:: Records for this exercise ::
(* Let $\delta\in\mathbb{Z}$. The process $N_n-\theta(M_n)=N_n-\sum_{k=0}^{M_n}s_k$, $n\ge 1$, is a martingale with respect to the filtration $\{\mathcal{F}_n\}$. Moreover, this martingale is cubic integrable (i.e. $E|N_n-\theta(M_n)|^3<\infty$ for every $n\ge1$) if one of the following holds: (a) $\delta<0$ and $\limsup_k r_k<1$; (b) $\delta<0$, $\lim_k r_k=1$ and $\lim_k (1-r_k)/(1-r_{k-1})=1$; (c) $\delta\ge 0$.
   Context: Let $\{X_n,n\ge1\}$ be independent, identically distributed random variables with values in $\mathbb{Z}_+=\{0,1,2,\dots\}$ such that $p_k=P[X_1=k]>0$ for every $k\in\mathbb{Z}_+$ (set $p_m=0$ for integers $m\le -1$). For $k\in\mathbb{Z}_+$ let $y_k=\sum_{i>k}p_i=P[X_1>k]$, and set $y_m=1$ for integers $m\le-1$. The discrete failure rate is $r_k=p_k/y_{k-1}$, $k\in\mathbb{Z}_+$. Fix an integer $\delta$ and define the $\delta$ failure rate $s_k=p_{k+\delta}/y_{k-1}$ and $\theta(k)=\sum_{i=0}^k s_i$ for $k\in\mathbb{Z}_+$. Let $M_0=0$ and $M_n=\max\{X_1,\dots,X_n\}$ for $n\ge1$. Let $I_k=\mathbf{1}_{\{X_k>M_{k-1}+\delta\}}$ and $N_n=\sum_{k=1}^n I_k$ (the number of $\delta$-records among the first $n$ observations). Let $\mathcal{F}_0=\{\emptyset,\Omega\}$ and $\mathcal{F}_n=\sigma(X_1,\dots,X_n)$ for $n\ge1$. *)

theory Defs
  imports "HOL-Probability.Probability"
begin

definition pk :: "'a measure \<Rightarrow> (nat \<Rightarrow> 'a \<Rightarrow> nat) \<Rightarrow> int \<Rightarrow> real" where
  "pk M X m = (if m < 0 then 0 else measure M {\<omega> \<in> space M. X 1 \<omega> = nat m})"

definition yk :: "'a measure \<Rightarrow> (nat \<Rightarrow> 'a \<Rightarrow> nat) \<Rightarrow> int \<Rightarrow> real" where
  "yk M X m = (if m < 0 then 1 else measure M {\<omega> \<in> space M. X 1 \<omega> > nat m})"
:::
Try it> Repeat every record exactly, so that nothing is lost or altered.

Solution for this task>
(* Let $\delta\in\mathbb{Z}$. The process $N_n-\theta(M_n)=N_n-\sum_{k=0}^{M_n}s_k$, $n\ge 1$, is a martingale with respect to the filtration $\{\mathcal{F}_n\}$. Moreover, this martingale is cubic integrable (i.e. $E|N_n-\theta(M_n)|^3<\infty$ for every $n\ge1$) if one of the following holds: (a) $\delta<0$ and $\limsup_k r_k<1$; (b) $\delta<0$, $\lim_k r_k=1$ and $\lim_k (1-r_k)/(1-r_{k-1})=1$; (c) $\delta\ge 0$.
   Context: Let $\{X_n,n\ge1\}$ be independent, identically distributed random variables with values in $\mathbb{Z}_+=\{0,1,2,\dots\}$ such that $p_k=P[X_1=k]>0$ for every $k\in\mathbb{Z}_+$ (set $p_m=0$ for integers $m\le -1$). For $k\in\mathbb{Z}_+$ let $y_k=\sum_{i>k}p_i=P[X_1>k]$, and set $y_m=1$ for integers $m\le-1$. The discrete failure rate is $r_k=p_k/y_{k-1}$, $k\in\mathbb{Z}_+$. Fix an integer $\delta$ and define the $\delta$ failure rate $s_k=p_{k+\delta}/y_{k-1}$ and $\theta(k)=\sum_{i=0}^k s_i$ for $k\in\mathbb{Z}_+$. Let $M_0=0$ and $M_n=\max\{X_1,\dots,X_n\}$ for $n\ge1$. Let $I_k=\mathbf{1}_{\{X_k>M_{k-1}+\delta\}}$ and $N_n=\sum_{k=1}^n I_k$ (the number of $\delta$-records among the first $n$ observations). Let $\mathcal{F}_0=\{\emptyset,\Omega\}$ and $\mathcal{F}_n=\sigma(X_1,\dots,X_n)$ for $n\ge1$. *)

theory Defs
  imports "HOL-Probability.Probability"
begin

definition pk :: "'a measure \<Rightarrow> (nat \<Rightarrow> 'a \<Rightarrow> nat) \<Rightarrow> int \<Rightarrow> real" where
  "pk M X m = (if m < 0 then 0 else measure M {\<omega> \<in> space M. X 1 \<omega> = nat m})"

definition yk :: "'a measure \<Rightarrow> (nat \<Rightarrow> 'a \<Rightarrow> nat) \<Rightarrow> int \<Rightarrow> real" where
  "yk M X m = (if m < 0 then 1 else measure M {\<omega> \<in> space M. X 1 \<omega> > nat m})"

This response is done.